A A fluorescence image of HeLa cells identified with Syto-25 dye and the AlexaFluor488-anti-CD44-ab conjugate and attached to anti-EGFR-ab-conjugated silica particles. BD Fluorescence images of anti-EGFR-ab-functionalized silica particles treated in a 1 mL blood sample containing (B) 104 H1650 and 106 T cells, C 104 H1650 cells with no T cells, and D 106 T cells but no H1650 cells.

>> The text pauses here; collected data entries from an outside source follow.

text \<open>Length of the projection to [0, l] of the part of that segment with y >= 0.\<close>
definition proj_left :: "real \<Rightarrow> real \<Rightarrow> real \<Rightarrow> real \<Rightarrow> real \<Rightarrow> real" where
  "proj_left x1 y1 x2 y2 l =
     (if 0 \<le> y1 then (if 0 \<le> y2 then ival x1 x2 l else ival x1 (cross x1 y1 x2 y2) l)
      else (if 0 \<le> y2 then ival (cross x1 y1 x2 y2) x2 l else 0))"

lemma affine_image_interval:
  fixes x1 x2 a b :: real
  assumes ab: "a \<le> b"
  shows "(\<lambda>u. x1 + u * (x2 - x1)) ` {a..b} = closed_segment (x1 + a * (x2 - x1)) (x1 + b * (x2 - x1))"
proof -
  have "(\<lambda>u. x1 + u * (x2 - x1)) ` {a..b} = (\<lambda>u. (x2 - x1) * u + x1) ` {a..b}"
    by (simp add: mult.commute add.commute)
  also have "\<dots> = closed_segment (x1 + a * (x2 - x1)) (x1 + b * (x2 - x1))"
  proof (cases "0 \<le> x2 - x1")
    case True
    then have "a * (x2 - x1) \<le> b * (x2 - x1)" using ab by (rule mult_right_mono[rotated])
    with True ab show ?thesis
      by (subst image_affinity_atLeastAtMost) (simp add: closed_segment_eq_real_ivl mult.commute add.commute)
  next
    case False
    then have "b * (x2 - x1) \<le> a * (x2 - x1)" using ab by (simp add: mult_right_mono_neg)
    with False ab show ?thesis
      by (subst image_affinity_atLeastAtMost) (auto simp: closed_segment_eq_real_ivl mult.commute add.commute)
  qed
  finally show ?thesis .
qed

lemma measure_proj_interval:
  assumes U: "{u \<in> {0..1}. 0 \<le> y1 + u * (y2 - y1)} = {a..b}" and ab: "a \<le> b"
  shows "measure lborel {x \<in> {0..l}. \<exists>u \<in> {0..1}. x = x1 + u * (x2 - x1) \<and> 0 \<le> y1 + u * (y2 - y1)}
       = ival (x1 + a * (x2 - x1)) (x1 + b * (x2 - x1)) l"
proof -
  have "{x \<in> {0..l}. \<exists>u \<in> {0..1}. x = x1 + u * (x2 - x1) \<and> 0 \<le> y1 + u * (y2 - y1)}
      = {0..l} \<inter> (\<lambda>u. x1 + u * (x2 - x1)) ` {a..b}"
    unfolding U[symmetric] by blast
  then show ?thesis by (simp add: affine_image_interval[OF ab] measure_ival)
qed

To verify the collection and detection of cancer cells using anti-EGFR-ab, we chose H1650 cells that upregulate EGFR45. We labeled H1650 and T cells (model blood cells) with Syto-25 dye alone and treated the cell samples with anti-EGFR-ab-conjugated silica particles. Figure 4B–D presents the immunofluorescence images of H1650 cells on silica particles collected from samples with different H1650 and T cell ratios. Figure 4D, which shows a sample with 106 T cells/mL but no H1650 cells, indicates many T cells bound to the immunosilica microparticles. Although EGFR overexpression in many cancer cells46 promises anti-EGFR-ab for their collection, blood cells expressing EGFR interfere with the process. Therefore, the anti-CD44 ab is more promising than the anti-EGFR ab. In contrast, stem cell biomarkers such as CD44 and multiple fluorescence labeling are error-free detection methods for CTC collection and detection. The study presented demonstrates the technical benefits of using mesenchymal biomarkers, spectrally and temporally resolved modalities, and the self-segregating immunosilica particles for CTC detection.

Conclusions

We demonstrated a microspectroscopy method combined with mesenchymal cell-selective immunosilica microparticles for error-free cancer cell detection in which 1–10 cancer cells were accurately identified among 100 cancer cells in a 1 mL blood sample. In this study, we explored cancer cells’ properties for selective attachment to silica microparticles using anti-CD44, anti-EpCAM, or anti-EGFR ab. The large silica particles prevented endocytosis by cells and favored cancer cell isolation without the application of an external centrifugal force. Successively, the bright and narrowband emission of quantum dots helped multiplexed cancer cells detection, which was improved by combining the fluorescence spectra and decay data of the quantum dots and nucleus-staining Syto dye. Furthermore, this research demonstrates the significance of mesenchymal antigen-selective cancer cell collection and characterization. The multicolor imaging and spectrotemporally resolved multimodal fluorescence detection can be further developed for advanced cancer screening and clinical follow-up technologies.